**Exercise:** Using the entries below, give the count of lines that hold "forall". Say nothing besides the number.

**Data for this task:**
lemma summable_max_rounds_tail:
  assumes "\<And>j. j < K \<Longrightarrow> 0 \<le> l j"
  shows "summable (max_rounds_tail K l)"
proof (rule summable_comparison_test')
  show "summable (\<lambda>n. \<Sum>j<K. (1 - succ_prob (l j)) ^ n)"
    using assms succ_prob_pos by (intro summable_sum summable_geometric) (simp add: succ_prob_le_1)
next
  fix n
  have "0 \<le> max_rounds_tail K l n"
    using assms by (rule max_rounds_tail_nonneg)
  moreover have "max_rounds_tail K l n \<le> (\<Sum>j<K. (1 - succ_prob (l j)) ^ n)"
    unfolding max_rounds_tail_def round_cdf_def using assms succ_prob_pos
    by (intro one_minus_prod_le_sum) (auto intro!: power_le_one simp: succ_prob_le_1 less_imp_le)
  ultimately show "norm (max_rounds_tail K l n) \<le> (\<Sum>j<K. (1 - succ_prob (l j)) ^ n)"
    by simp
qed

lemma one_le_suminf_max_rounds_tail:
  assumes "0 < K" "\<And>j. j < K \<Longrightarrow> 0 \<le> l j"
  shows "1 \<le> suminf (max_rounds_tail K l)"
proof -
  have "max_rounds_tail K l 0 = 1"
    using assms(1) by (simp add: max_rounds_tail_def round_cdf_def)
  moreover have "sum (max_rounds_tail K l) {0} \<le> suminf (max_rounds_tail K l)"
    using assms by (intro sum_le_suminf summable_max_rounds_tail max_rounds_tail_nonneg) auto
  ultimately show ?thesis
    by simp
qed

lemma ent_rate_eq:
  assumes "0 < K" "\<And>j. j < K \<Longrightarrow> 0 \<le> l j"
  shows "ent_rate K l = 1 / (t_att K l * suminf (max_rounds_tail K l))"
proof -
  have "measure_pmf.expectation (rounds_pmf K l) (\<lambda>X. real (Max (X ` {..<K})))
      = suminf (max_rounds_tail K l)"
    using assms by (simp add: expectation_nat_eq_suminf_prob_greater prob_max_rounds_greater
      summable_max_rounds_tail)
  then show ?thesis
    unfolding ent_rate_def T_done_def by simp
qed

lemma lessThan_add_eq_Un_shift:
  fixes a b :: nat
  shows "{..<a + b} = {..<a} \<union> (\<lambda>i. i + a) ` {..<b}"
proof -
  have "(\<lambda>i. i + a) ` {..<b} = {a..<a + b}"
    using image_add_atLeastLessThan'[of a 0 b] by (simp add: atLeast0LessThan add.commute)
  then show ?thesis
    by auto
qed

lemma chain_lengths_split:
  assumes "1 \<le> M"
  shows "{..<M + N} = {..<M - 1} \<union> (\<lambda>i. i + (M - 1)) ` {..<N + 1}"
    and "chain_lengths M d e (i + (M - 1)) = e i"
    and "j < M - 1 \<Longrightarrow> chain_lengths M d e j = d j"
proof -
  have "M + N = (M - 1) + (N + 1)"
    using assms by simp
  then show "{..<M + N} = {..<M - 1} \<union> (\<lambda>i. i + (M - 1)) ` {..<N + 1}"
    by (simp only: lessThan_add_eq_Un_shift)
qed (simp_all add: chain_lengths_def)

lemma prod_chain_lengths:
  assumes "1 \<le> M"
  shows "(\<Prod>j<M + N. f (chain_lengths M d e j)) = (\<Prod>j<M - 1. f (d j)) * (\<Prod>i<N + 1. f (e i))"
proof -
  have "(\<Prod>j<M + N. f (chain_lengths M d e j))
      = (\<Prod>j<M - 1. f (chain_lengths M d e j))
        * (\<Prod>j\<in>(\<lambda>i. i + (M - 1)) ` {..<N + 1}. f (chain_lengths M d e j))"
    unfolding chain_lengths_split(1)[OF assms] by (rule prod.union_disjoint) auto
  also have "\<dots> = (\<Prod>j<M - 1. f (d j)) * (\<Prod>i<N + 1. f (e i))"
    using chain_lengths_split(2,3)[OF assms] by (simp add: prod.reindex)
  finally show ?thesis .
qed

--

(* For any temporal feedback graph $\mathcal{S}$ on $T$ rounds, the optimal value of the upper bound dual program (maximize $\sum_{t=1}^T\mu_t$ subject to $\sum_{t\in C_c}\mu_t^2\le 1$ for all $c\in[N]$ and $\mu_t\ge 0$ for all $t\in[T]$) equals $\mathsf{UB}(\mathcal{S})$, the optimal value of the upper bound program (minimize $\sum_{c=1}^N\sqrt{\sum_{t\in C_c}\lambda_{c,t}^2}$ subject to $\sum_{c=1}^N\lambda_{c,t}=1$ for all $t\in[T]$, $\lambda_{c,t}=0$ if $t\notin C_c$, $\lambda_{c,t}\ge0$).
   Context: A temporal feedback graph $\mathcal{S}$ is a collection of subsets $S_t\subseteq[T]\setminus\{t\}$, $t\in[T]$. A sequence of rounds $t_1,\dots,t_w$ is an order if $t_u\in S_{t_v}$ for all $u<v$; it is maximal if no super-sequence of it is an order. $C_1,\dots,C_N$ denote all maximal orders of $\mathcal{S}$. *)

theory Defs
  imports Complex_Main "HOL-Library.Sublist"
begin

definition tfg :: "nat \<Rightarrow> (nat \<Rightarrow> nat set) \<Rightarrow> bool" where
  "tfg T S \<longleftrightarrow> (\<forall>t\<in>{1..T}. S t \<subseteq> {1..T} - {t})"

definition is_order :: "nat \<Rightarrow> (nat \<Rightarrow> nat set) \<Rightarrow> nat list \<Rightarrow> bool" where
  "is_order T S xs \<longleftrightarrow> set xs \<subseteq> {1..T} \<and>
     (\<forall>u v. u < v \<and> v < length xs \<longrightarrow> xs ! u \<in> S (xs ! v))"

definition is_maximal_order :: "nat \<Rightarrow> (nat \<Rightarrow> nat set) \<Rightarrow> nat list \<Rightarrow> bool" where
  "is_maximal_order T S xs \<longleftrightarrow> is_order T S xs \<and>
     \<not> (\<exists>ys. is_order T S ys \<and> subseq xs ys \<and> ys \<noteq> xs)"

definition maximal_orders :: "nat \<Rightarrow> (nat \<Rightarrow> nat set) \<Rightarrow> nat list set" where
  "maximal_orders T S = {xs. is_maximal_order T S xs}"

**Answer for the task:** 2